公裡公道的說,他的專業穿越到古代很有優勢,甚至一度懷疑就是因為這個才能重活一次。就比如這四書五經,除《孟子》的小部分,秦放鶴都能背誦全篇。
常見的唐詩宋詞元曲三百首也不在話下,玩飛花令就沒輸過,甚至連作詩也不陌生。
他們專業每周都會開展特定的主題活動,模仿古人起詩社自然是逃不開的一環。且不說實際水平如何,基本的起承轉合、平仄、聲韻等,都了如指掌。
但相應的,眼下他也麵臨非常現實的問題:古今版本不同!
短時間內想改過來,談何容易。
接下來的幾天,秦放鶴將秦父留下的四書五經都仔仔細細通讀一遍,邊讀邊跟自己的記憶作比較,遇到不同就單獨標記,然後翻出對方留下的手劄和注釋來看。
秦山每天都過來。
第一天來時,秦放鶴在讀書、練字;
第二天來時,秦放鶴在讀書、練字;
第三天來時,他竟然還在讀書、練字!
秦山都傻了。
他杵在窗外,直勾勾瞅著秦放鶴,抓耳撓腮,對方毫無反應,就好像根本沒覺察到眼前還有個大活人一樣。
“鶴哥兒,”秦山實在忍不住,趴在窗台上,伸手去戳桌上的書,“歇歇唄,我彈弓弄好了,帶你去打兔子!”
不能出去玩,這日子過得真沒勁啊!
秦放鶴抬頭瞥了眼院子裡的石榴樹,見影子尚未居中,便道:“再等等。
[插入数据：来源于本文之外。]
lemma inv_mult_in_coarse_stabilizer:
  assumes "group G" and act: "isometric_action G act"
    and carrier: "u \<in> carrier G" "w \<in> carrier G" "u' \<in> carrier G" "w' \<in> carrier G" "v \<in> carrier G"
    and small: "dist (act u x) x \<le> \<kappa>" "dist (act w x) x \<le> \<kappa>" "dist (act u' x) x \<le> \<kappa>" "dist (act w' x) x \<le> \<kappa>"
    and eq: "u \<otimes>\<^bsub>G\<^esub> v \<otimes>\<^bsub>G\<^esub> w = u' \<otimes>\<^bsub>G\<^esub> v \<otimes>\<^bsub>G\<^esub> w'"
  shows "inv\<^bsub>G\<^esub> u' \<otimes>\<^bsub>G\<^esub> u \<in> coarse_stabilizer G act (2 * \<kappa>) x (act v x)"
proof -
  interpret G: group G by fact
  let ?g = "u \<otimes>\<^bsub>G\<^esub> v \<otimes>\<^bsub>G\<^esub> w"
  have near_g: "dist (act a (act v x)) (act ?g x) \<le> \<kappa>"
    if "a \<in> carrier G" "b \<in> carrier G" "?g = a \<otimes>\<^bsub>G\<^esub> v \<otimes>\<^bsub>G\<^esub> b" "dist (act b x) x \<le> \<kappa>" for a b
  proof -
    have "act ?g x = act a (act v (act b x))"
      unfolding that(3) using that(1,2) carrier(5) by (simp add: isometric_action_mult[OF act])
    then show ?thesis
      using that(1,4) carrier(5) by (simp add: isometric_action_dist[OF act] dist_commute)
  qed
  have "dist (act u (act v x)) (act ?g x) \<le> \<kappa>" "dist (act u' (act v x)) (act ?g x) \<le> \<kappa>"
    using near_g[of u w] near_g[of u' w'] carrier small eq by simp_all
  then have "dist (act u (act v x)) (act u' (act v x)) \<le> 2 * \<kappa>"
    using dist_triangle[of "act u (act v x)" "act u' (act v x)" "act ?g x"]
      dist_commute[of "act ?g x" "act u' (act v x)"] by linarith
  moreover have "dist (act u x) (act u' x) \<le> 2 * \<kappa>"
    using small(1,3) dist_triangle[of "act u x" "act u' x" x] dist_commute[of x "act u' x"] by linarith
  ultimately show ?thesis
    using carrier isometric_action_inv_mult_dist[OF assms(1) act carrier(3,1)]
    unfolding coarse_stabilizer_def by simp
qed

lemma card_square_le_card_double_coset_prod:
  assumes "group G" "U \<subseteq> carrier G" "finite U" "v \<in> carrier G" "finite B"
    and inv_mult: "\<And>u w u' w'. u \<in> U \<Longrightarrow> w \<in> U \<Longrightarrow> u' \<in> U \<Longrightarrow> w' \<in> U \<Longrightarrow>
      u \<otimes>\<^bsub>G\<^esub> v \<otimes>\<^bsub>G\<^esub> w = u' \<otimes>\<^bsub>G\<^esub> v \<otimes>\<^bsub>G\<^esub> w' \<Longrightarrow> inv\<^bsub>G\<^esub> u' \<otimes>\<^bsub>G\<^esub> u \<in> B"
  shows "card U ^ 2 \<le> card (double_coset_prod G U v) * card B"
proof -
  interpret G: group G by fact
  define m where "m p = fst p \<otimes>\<^bsub>G\<^esub> v \<otimes>\<^bsub>G\<^esub> snd p" for p
  have D: "m ` (U \<times> U) = double_coset_prod G U v"
    unfolding m_def double_coset_prod_def by force
  have "card {p \<in> U \<times> U. m p = g} \<le> card B" for g
  proof (cases "{p \<in> U \<times> U. m p = g} = {}")
    case False
    then obtain u' w' where p': "(u', w') \<in> U \<times> U" "m (u', w') = g" by auto
    have "inj_on (\<lambda>p. inv\<^bsub>G\<^esub> u' \<otimes>\<^bsub>G\<^esub> fst p) {p \<in> U \<times> U. m p = g}"
    proof (rule inj_onI)
      fix p q assume p: "p \<in> {p \<in> U \<times> U. m p = g}" and q: "q \<in> {p \<in> U \<times> U. m p = g}"
        and "inv\<^bsub>G\<^esub> u' \<otimes>\<^bsub>G\<^esub> fst p = inv\<^bsub>G\<^esub> u' \<otimes>\<^bsub>G\<^esub> fst q"
      then have fst: "fst p = fst q"
        using p' assms(2) by (auto simp: subset_iff)
      then have "snd p = snd q"
        using p q assms(2,4) unfolding m_def by (auto simp: subset_iff G.m_assoc)
      then show "p = q" using fst by (simp add: prod_eq_iff)
    qed
    moreover have "(\<lambda>p. inv\<^bsub>G\<^esub> u' \<otimes>\<^bsub>G\<^esub> fst p) ` {p \<in> U \<times> U. m p = g} \<subseteq> B"
      using inv_mult p' unfolding m_def by auto
    ultimately show ?thesis
      using card_inj_on_le assms(5) by blast
  qed (simp only: card.empty le0)
  moreover have "finite (double_coset_prod G U v)"
    unfolding D[symmetric] using assms(3) by simp
  ultimately have "finite (U \<times> U) \<and> card (U \<times> U) \<le> card (double_coset_prod G U v) * card B"
    using assms(3) by (intro finite_card_le_mult_of_fibres) (auto simp flip: D)
  then show ?thesis
    by (simp add: card_cartesian_product power2_eq_square)
qed

theorem lemma5p1:
  fixes G :: "('g, 'b) monoid_scheme" and act :: "'g \<Rightarrow> 'x::metric_space \<Rightarrow> 'x"
    and \<delta> \<kappa>0 :: real and N0 :: nat and U :: "'g set" and x0 :: 'x and v :: 'g
  assumes "\<delta> > 0"
    and "geodesic_space TYPE('x)"
    and "delta_hyperbolic \<delta> TYPE('x)"
    and "group G"
    and "isometric_action G act"
    and "acylindrical G act \<delta> \<kappa>0 N0"
    and "\<kappa>0 \<ge> \<delta>"
    and "U \<subseteq> carrier G" and "finite U"
    and "mean_disp act U x0 \<le> energy act U + \<delta>"
    and "v \<in> carrier G"
    and "dist (act v x0) x0 \<ge> 10^4 * \<kappa>0"
  shows "let \<rho>0 = \<delta> / real N0; c = (1 / 10^6) * (\<rho>0 / \<kappa>0);
             U1 = {u \<in> U. dist (act u x0) x0 \<le> \<kappa>0}
         in real (card (double_coset_prod G U1 v)) \<ge> c^2 * real (card U1)^2"
proof -
  define c where "c = (1 / 10^6) * ((\<delta> / real N0) / \<kappa>0)"
  define U1 where "U1 = {u \<in> U. dist (act u x0) x0 \<le> \<kappa>0}"
  define A where "A = coarse_stabilizer G act (2 * \<kappa>0) x0 (act v x0)"
  have "10^4 * \<kappa>0 \<le> dist x0 (act v x0)"
    using assms(12) by (simp add: dist_commute)
  note card_A = card_coarse_stabilizer_le[OF assms(1-7) this, folded A_def]
  have "card U1 ^ 2 \<le> card (double_coset_prod G U1 v) * card A"
    using assms(4,8,9,11) card_A(1) unfolding U1_def A_def
    by (intro card_square_le_card_double_coset_prod inv_mult_in_coarse_stabilizer[OF assms(4,5)]) auto
  then have "real (card U1)^2 \<le> real (card (double_coset_prod G U1 v)) * real (card A)"
    by (simp flip: of_nat_mult of_nat_power)
  then have "c^2 * real (card U1)^2 \<le> c^2 * (real (card (double_coset_prod G U1 v)) * real (card A))"
    by (rule mult_left_mono) simp
  also have "\<dots> = real (card (double_coset_prod G U1 v)) * (c^2 * real (card A))"
    by simp
  also have "\<dots> \<le> real (card (double_coset_prod G U1 v)) * 1"
  proof (intro mult_left_mono)
    have "N0 \<ge> 1" using assms(6) unfolding acylindrical_def by simp
    then have "c^2 * (36 * real N0 * \<kappa>0^2 / \<delta>^2) \<le> 1"
      unfolding c_def using assms(1,7) by (simp add: field_simps power2_eq_square)
    then show "c^2 * real (card A) \<le> 1"
      using card_A(2) by (meson mult_left_mono order_trans zero_le_power2)
  qed simp
  finally show ?thesis
    unfolding Let_def c_def[symmetric] U1_def[symmetric] by simp
qed

end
”
古代計時工具貴重,普通百姓是買不起的,秦放鶴就根據日晷的原理,以石榴樹為圓心做了簡單的“表”,大致可以確定現在是十一點剛過。
讀書是頭等大事,秦山隻好悶悶應了聲。
到底閒不住。
他就像一隻燒開的水壺,饒是拚命克製,沸騰的水蒸氣還是洶湧地從四圍縫隙中溢出。好容易忍了一刻鐘,他就又忍不住問道:“你見天這樣,不悶啊?”
秦山完全不能理解。
那些書真有那麼好看?這都多少天了,鶴哥兒都不膩味嘛?
若換作是他,彆說連著好幾天,就是讓他坐幾個時辰,屁股上都能長出刺來!
秦放鶴不動如山,視線依舊順著書頁上下移動,張口丟出一個意想不到的答案。
“悶啊。”
人生而好逸惡勞,他是人,自然也會覺得枯燥、煩悶。
“啊?”秦山愣住。
“……若此其甚也,然而無有乎爾,則亦無有乎爾。”一頁書翻過,這本《孟子》也到了尾聲,秦放鶴意猶未儘地放下,又閉著眼迅速回味一番,這才重新睜開眼睛,“但是可以忍耐。”
窮人家的孩子想要獲得成功,需要付出太多太多,這個道理他在很小的時候就明白了。
想要吃飽,想要穿暖,想要尊重,想要權力……都需要代價。
在這個世界上,沒有免費的東西。
對普通人而言,讀書絕對是通往成功最快也最公平的捷徑,沒有之一。
隻需幾場考試,一個窮孩子就能擺脫困頓,跨越階層……
權衡之下,這點辛苦甚至不配稱之為代價。
所以在這方麵,秦放鶴一直很拚命,像瀕死的人抓住每一線生機。
在打工的間隙背英語單詞,在人來人往的樓梯間突擊考研資料,在整個世界都在慶祝的春節,將自己關在逼仄的房間裡一口氣連刷十套卷子……
每天一睜眼,他第一時間看到的都是貼在上鋪背麵的時政熱點,而不是任何與風花雪月相關的東西。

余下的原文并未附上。